# DATA LISTING
§ §
lemma pos_def_on_sym: "pos_def_on J A \<Longrightarrow> i \<in> J \<Longrightarrow> j \<in> J \<Longrightarrow> A i j = A j i"
  by (simp add: pos_def_on_def)

lemma pos_def_on_pos: "pos_def_on J A \<Longrightarrow> i \<in> J \<Longrightarrow> y i \<noteq> 0 \<Longrightarrow> 0 < quad_form J A y"
  unfolding pos_def_on_def by blast

lemma measurable_quad_form[measurable]:
  "finite J \<Longrightarrow> quad_form J A \<in> borel_measurable (PiM J (\<lambda>_. lborel))"
  unfolding quad_form_def[abs_def] by measurable

lemma quad_form_add: "quad_form J (\<lambda>i j. A i j + B i j) y = quad_form J A y + quad_form J B y"
  unfolding quad_form_def by (simp add: distrib_left distrib_right sum.distrib)

lemma quad_form_cmult: "quad_form J (\<lambda>i j. c * A i j) y = c * quad_form J A y"
  unfolding quad_form_def by (simp add: sum_distrib_left mult_ac)

lemma pos_def_on_add: "pos_def_on J A \<Longrightarrow> pos_def_on J B \<Longrightarrow> pos_def_on J (\<lambda>i j. A i j + B i j)"
  unfolding pos_def_on_def by (auto simp: quad_form_add add_pos_pos)

lemma quad_form_unit:
  assumes "a \<in> J" "finite J"
  shows "quad_form J A (\<lambda>i. if i = a then 1 else 0) = A a a"
proof -
  have "(\<Sum>j\<in>J. (if i = a then 1 else 0) * A i j * (if j = a then 1 else 0))
      = (if i = a then A a a else 0)" for i
    using assms by (cases "i = a") (simp_all add: if_distrib[of "\<lambda>t. _ * t"] sum.delta cong: if_cong)
  then show ?thesis unfolding quad_form_def using assms by (simp add: sum.delta)
qed

lemma quad_form_insert_schur:
  assumes a: "a \<notin> F" and fin: "finite F" and sym: "\<And>j. j \<in> F \<Longrightarrow> A j a = A a j"
    and Aaa: "A a a \<noteq> 0"
  shows "quad_form (insert a F) A (x(a := t))
           = A a a * (t + (\<Sum>j\<in>F. A a j * x j) / A a a)\<^sup>2 + quad_form F (schur_complement A a) x"
proof -
  define b where "b = (\<Sum>j\<in>F. A a j * x j)"
  have ne: "(j = a) = False" "(a = j) = False" if "j \<in> F" for j using a that by auto
  have "quad_form (insert a F) A (x(a := t))
      = t * A a a * t + (\<Sum>j\<in>F. t * A a j * x j) + (\<Sum>i\<in>F. x i * A i a * t) + quad_form F A x"
    unfolding quad_form_def using a fin by (simp add: ne sum.distrib cong: sum.cong)
  also have "(\<Sum>i\<in>F. x i * A i a * t) = t * b"
    unfolding b_def by (simp add: sum_distrib_left sym mult_ac cong: sum.cong)
  also have "(\<Sum>j\<in>F. t * A a j * x j) = t * b"
    unfolding b_def by (simp add: sum_distrib_left mult_ac)
  also have "quad_form F A x = quad_form F (schur_complement A a) x + b\<^sup>2 / A a a"
  proof -
    have "b\<^sup>2 = (\<Sum>i\<in>F. \<Sum>j\<in>F. x i * (A i a * A a j) * x j)"
      unfolding b_def power2_eq_square sum_product by (intro sum.cong refl) (simp add: sym mult_ac)
    then show ?thesis
      unfolding quad_form_def schur_complement_def
      by (simp add: sum_divide_distrib right_diff_distrib left_diff_distrib sum_subtractf)
  qed
  also have "t * A a a * t + t * b + t * b + (quad_form F (schur_complement A a) x + b\<^sup>2 / A a a)
      = A a a * (t + b / A a a)\<^sup>2 + quad_form F (schur_complement A a) x"
    using Aaa by (simp add: power2_eq_square field_simps)
  finally show ?thesis unfolding b_def .
qed

lemma pos_def_on_insertD:
  assumes pd: "pos_def_on (insert a F) A" and a: "a \<notin> F" and fin: "finite F"
  shows "0 < A a a" and "pos_def_on F (schur_complement A a)"
proof -
  note sym = pos_def_on_sym[OF pd]
  show Aaa: "0 < A a a"
    using pos_def_on_pos[OF pd, of a "\<lambda>i. if i = a then 1 else 0"] quad_form_unit[of a "insert a F" A] fin
    by simp
  show "pos_def_on F (schur_complement A a)"
    unfolding pos_def_on_def
  proof safe
    fix i j assume "i \<in> F" "j \<in> F"
    then show "schur_complement A a i j = schur_complement A a j i"
      unfolding schur_complement_def using sym[of i j] sym[of i a] sym[of j a] by auto
  next
    fix y :: "_ \<Rightarrow> real" and i assume i: "i \<in> F" "y i \<noteq> 0"
    define t where "t = - (\<Sum>j\<in>F. A a j * y j) / A a a"
    have "0 < quad_form (insert a F) A (y(a := t))"
      using i a by (intro pos_def_on_pos[OF pd, of i]) auto
    also have "\<dots> = quad_form F (schur_complement A a) y"
      using sym Aaa by (subst quad_form_insert_schur[OF a fin]) (auto simp: t_def)
    finally show "0 < quad_form F (schur_complement A a) y" .
  qed
qed

lemma det_scale_rows:
  fixes A :: "real^'n^'n"
  shows "det (\<chi> i j. d i * A $ i $ j) = (\<Prod>i\<in>UNIV. d i) * det A"
proof -
  have "(\<chi> i j. d i * A $ i $ j) = (\<chi> i j. if i = j then d i else 0) ** A"
    by (simp add: vec_eq_iff matrix_matrix_mult_def if_distrib[of "\<lambda>t. t * _"] sum.delta cong: if_cong)
  then show ?thesis by (simp add: det_mul det_diagonal)
qed

lemma det_on_empty: "det_on {} A = 1"
proof -
  have "mat_on {} A = mat 1" by (simp add: mat_on_def mat_def vec_eq_iff)
  then show ?thesis by (simp add: det_on_def)
qed

lemma det_on_cmult: "det_on J (\<lambda>i j. c * A i j) = c ^ card J * det_on J A"
proof -
  have "mat_on J (\<lambda>i j. c * A i j) = (\<chi> i j. (if i \<in> J then c else 1) * mat_on J A $ i $ j)"
    by (simp add: mat_on_def vec_eq_iff)
  moreover have "(\<Prod>i\<in>UNIV. if i \<in> J then c else 1) = c ^ card J"
    by (simp add: prod.If_cases)
  ultimately show ?thesis unfolding det_on_def by (simp add: det_scale_rows)
qed

lemma det_shear:
  fixes w :: "'k::finite \<Rightarrow> real"
  assumes "w a = 0"
  shows "det (\<chi> i j. (if i = j then 1 else 0) - (if i = a then w j else 0) :: real^'k^'k) = 1"
proof -
  define x :: "real^'k" where "x = - (\<Sum>j\<in>UNIV - {a}. w j *s row j (mat 1))"
  have x: "x \<in> vec.span {row j (mat 1 :: real^'k^'k) |j. j \<noteq> a}"
    unfolding x_def by (intro vec.span_neg vec.span_sum vec.span_scale vec.span_base) auto
  have "x $ j = - w j" for j
    using assms by (cases "j = a") (auto simp: x_def row_def mat_def sum_negf if_distrib[of "\<lambda>t. _ * t"] cong: if_cong)
  then have "(\<chi> i j. (if i = j then 1 else 0) - (if i = a then w j else 0) :: real^'k^'k)
      = (\<chi> k. if k = a then row a (mat 1) + x else row k (mat 1))"
    by (auto simp: vec_eq_iff row_def mat_def)
  then show ?thesis using det_row_span[OF x] by simp
qed

text \<open>Congruence by a shear of determinant 1 eliminates row and column \<open>a\<close> outside the pivot.\<close>
lemma det_on_insert:
  fixes A :: "'k::finite \<Rightarrow> 'k \<Rightarrow> real"
  assumes a: "a \<notin> J" and sym: "\<And>i j. i \<in> insert a J \<Longrightarrow> j \<in> insert a J \<Longrightarrow> A i j = A j i"
    and Aaa: "A a a \<noteq> 0"
  shows "det_on (insert a J) A = A a a * det_on J (schur_complement A a)"
proof -
  define M where "M = mat_on (insert a J) A"
  define N where "N = mat_on J (schur_complement A a)"
  define w where "w = (\<lambda>j. if j \<in> J then A a j / A a a else 0)"
  define E :: "real^'k^'k" where "E = (\<chi> i j. (if i = j then 1 else 0) - (if i = a then w j else 0))"
  have detE: "det E = 1" unfolding E_def by (rule det_shear) (simp add: w_def a)
  have ME: "(M ** E) $ k $ j = M $ k $ j - M $ k $ a * w j" for k j
    unfolding matrix_matrix_mult_def E_def
    by (simp add: right_diff_distrib sum_subtractf if_distrib[of "\<lambda>t. _ * t"] sum.delta cong: if_cong)
  have EtP: "(transpose E ** P) $ i $ j = P $ i $ j - w i * P $ a $ j" for i j and P :: "real^'k^'k"
    unfolding matrix_matrix_mult_def E_def transpose_def
    by (simp add: left_diff_distrib sum_subtractf if_distrib[of "\<lambda>t. t * _"] sum.delta cong: if_cong)
  have entry: "(transpose E ** (M ** E)) $ i $ j = (if i = a then A a a * N $ a $ j else N $ i $ j)" for i j
  proof -
    consider "i = a" | "i \<in> J" | "i \<notin> insert a J" by auto
    then show ?thesis
    proof cases
      case 1
      then show ?thesis unfolding EtP ME using a Aaa
        by (cases "j \<in> J") (auto simp: M_def N_def mat_on_def w_def)
    next
      case 2
      then have "i \<noteq> a" "A i a = A a i" using a sym[of i a] by auto
      with 2 show ?thesis unfolding EtP ME using a Aaa
        by (cases "j \<in> J") (auto simp: M_def N_def mat_on_def w_def schur_complement_def field_simps)
    next
      case 3
      then show ?thesis unfolding EtP ME using a by (auto simp: M_def N_def mat_on_def w_def)
    qed
  qed
  have "det M = det (transpose E ** (M ** E))" by (simp add: det_mul detE)
  also have "transpose E ** (M ** E) = (\<chi> i. if i = a then A a a *s row a N else row i N)"
    using entry by (simp add: vec_eq_iff row_def)
  also have "det \<dots> = A a a * det (\<chi> i. if i = a then row a N else row i N)"
    by (rule det_row_mul)
  also have "(\<chi> i. if i = a then row a N else row i N) = N"
    by (simp add: vec_eq_iff row_def)
  finally show ?thesis unfolding det_on_def M_def N_def .
qed

lemma nn_integral_gaussian_insert:
  assumes a: "a \<notin> F" and fin: "finite F" and pd: "pos_def_on (insert a F) A"
  shows "(\<integral>\<^sup>+t. ennreal (exp (- quad_form (insert a F) A (x(a := t)) / 2)) \<partial>lborel)
           = ennreal (sqrt (2 * pi / A a a)) * ennreal (exp (- quad_form F (schur_complement A a) x / 2))"
proof -
  have Aaa: "0 < A a a" by (rule pos_def_on_insertD(1)[OF pd a fin])
  have sym: "A j a = A a j" if "j \<in> F" for j using pos_def_on_sym[OF pd] that by blast
  define m where "m = - (\<Sum>j\<in>F. A a j * x j) / A a a"
  have split: "exp (- quad_form (insert a F) A (x(a := t)) / 2)
      = exp (- quad_form F (schur_complement A a) x / 2) * exp (- A a a * (t - m)\<^sup>2 / 2)" for t
  proof -
    have "quad_form (insert a F) A (x(a := t)) = A a a * (t - m)\<^sup>2 + quad_form F (schur_complement A a) x"
      using Aaa by (subst quad_form_insert_schur[where A = A and x = x, OF a fin sym]) (auto simp: m_def)
    then show ?thesis by (simp add: exp_add[symmetric] add_divide_distrib)
  qed
  have "(\<integral>\<^sup>+t. ennreal (exp (- quad_form (insert a F) A (x(a := t)) / 2)) \<partial>lborel)
      = (\<integral>\<^sup>+t. ennreal (exp (- quad_form F (schur_complement A a) x / 2))
                * ennreal (exp (- A a a * (t - m)\<^sup>2 / 2)) \<partial>lborel)"
    unfolding split by (simp add: ennreal_mult)
  also have "\<dots> = ennreal (exp (- quad_form F (schur_complement A a) x / 2))
                   * (\<integral>\<^sup>+t. ennreal (exp (- A a a * (t - m)\<^sup>2 / 2)) \<partial>lborel)"
    by (rule nn_integral_cmult) simp
  also have "\<dots> = ennreal (exp (- quad_form F (schur_complement A a) x / 2)) * ennreal (sqrt (2 * pi / A a a))"
    by (simp only: nn_integral_exp_neg_square[OF Aaa])
  finally show ?thesis by (simp only: mult.commute)
qed

lemma nn_integral_gaussian_PiM:
  fixes J :: "'k::finite set" and A :: "'k \<Rightarrow> 'k \<Rightarrow> real"
  assumes "pos_def_on J A"
  shows "(\<integral>\<^sup>+y. ennreal (exp (- quad_form J A y / 2)) \<partial>PiM J (\<lambda>_. lborel))
           = ennreal ((2 * pi) powr (card J / 2) / sqrt (det_on J A)) \<and> 0 < det_on J A"
proof -
  have "finite J" by simp
  then show ?thesis using assms
  proof (induction J arbitrary: A rule: finite_induct)
    case empty
    show ?case by (simp add: PiM_empty nn_integral_count_space_finite det_on_empty quad_form_def)
  next
    case (insert a F A)
    interpret product_sigma_finite "\<lambda>_. lborel" by standard
    note Aaa = pos_def_on_insertD(1)[OF insert.prems insert.hyps(2,1)]
    note IH = insert.IH[OF pos_def_on_insertD(2)[OF insert.prems insert.hyps(2,1)]]
    note sym = pos_def_on_sym[OF insert.prems]
    have det: "det_on (insert a F) A = A a a * det_on F (schur_complement A a)"
      using Aaa by (intro det_on_insert[OF insert.hyps(2) sym]) auto
    have "(\<integral>\<^sup>+y. ennreal (exp (- quad_form (insert a F) A y / 2)) \<partial>PiM (insert a F) (\<lambda>_. lborel))
        = (\<integral>\<^sup>+x. (\<integral>\<^sup>+t. ennreal (exp (- quad_form (insert a F) A (x(a := t)) / 2)) \<partial>lborel)
             \<partial>PiM F (\<lambda>_. lborel))"
      using insert.hyps by (subst product_nn_integral_insert) auto
    also have "\<dots> = (\<integral>\<^sup>+x. ennreal (sqrt (2 * pi / A a a))
                        * ennreal (exp (- quad_form F (schur_complement A a) x / 2)) \<partial>PiM F (\<lambda>_. lborel))"
      using insert by (intro nn_integral_cong nn_integral_gaussian_insert) auto
    also have "\<dots> = ennreal (sqrt (2 * pi / A a a))
        * (\<integral>\<^sup>+x. ennreal (exp (- quad_form F (schur_complement A a) x / 2)) \<partial>PiM F (\<lambda>_. lborel))"
      using insert.hyps by (intro nn_integral_cmult) auto
    also have "\<dots> = ennreal (sqrt (2 * pi / A a a) * ((2 * pi) powr (card F / 2)
                                                      / sqrt (det_on F (schur_complement A a))))"
      using IH Aaa by (simp add: ennreal_mult[symmetric])
    also have "sqrt (2 * pi / A a a) * ((2 * pi) powr (card F / 2) / sqrt (det_on F (schur_complement A a)))
        = (2 * pi) powr (card (insert a F) / 2) / sqrt (det_on (insert a F) A)"
    proof -
      have "(2 * pi) powr (card (insert a F) / 2) = (2 * pi) powr (1 / 2) * (2 * pi) powr (card F / 2)"
        using insert.hyps by (simp add: powr_add[symmetric] add_divide_distrib)
      then show ?thesis
        unfolding det using Aaa IH by (simp add: powr_half_sqrt real_sqrt_mult real_sqrt_divide field_simps)
    qed
    finally show ?case using det Aaa IH by simp
  qed
qed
§ §
# WHAT THE TASK REQUIRES
Of the entries above, repeat exactly the lines between the line with "unfolding quad_form_def using a fin" and the line with "j = schur_complement", inclusive, and no others.

# ANSWER TO THIS PROBLEM
    unfolding quad_form_def using a fin by (simp add: ne sum.distrib cong: sum.cong)
  also have "(\<Sum>i\<in>F. x i * A i a * t) = t * b"
    unfolding b_def by (simp add: sum_distrib_left sym mult_ac cong: sum.cong)
  also have "(\<Sum>j\<in>F. t * A a j * x j) = t * b"
    unfolding b_def by (simp add: sum_distrib_left mult_ac)
  also have "quad_form F A x = quad_form F (schur_complement A a) x + b\<^sup>2 / A a a"
  proof -
    have "b\<^sup>2 = (\<Sum>i\<in>F. \<Sum>j\<in>F. x i * (A i a * A a j) * x j)"
      unfolding b_def power2_eq_square sum_product by (intro sum.cong refl) (simp add: sym mult_ac)
    then show ?thesis
      unfolding quad_form_def schur_complement_def
      by (simp add: sum_divide_distrib right_diff_distrib left_diff_distrib sum_subtractf)
  qed
  also have "t * A a a * t + t * b + t * b + (quad_form F (schur_complement A a) x + b\<^sup>2 / A a a)
      = A a a * (t + b / A a a)\<^sup>2 + quad_form F (schur_complement A a) x"
    using Aaa by (simp add: power2_eq_square field_simps)
  finally show ?thesis unfolding b_def .
qed

lemma pos_def_on_insertD:
  assumes pd: "pos_def_on (insert a F) A" and a: "a \<notin> F" and fin: "finite F"
  shows "0 < A a a" and "pos_def_on F (schur_complement A a)"
proof -
  note sym = pos_def_on_sym[OF pd]
  show Aaa: "0 < A a a"
    using pos_def_on_pos[OF pd, of a "\<lambda>i. if i = a then 1 else 0"] quad_form_unit[of a "insert a F" A] fin
    by simp
  show "pos_def_on F (schur_complement A a)"
    unfolding pos_def_on_def
  proof safe
    fix i j assume "i \<in> F" "j \<in> F"
    then show "schur_complement A a i j = schur_complement A a j i"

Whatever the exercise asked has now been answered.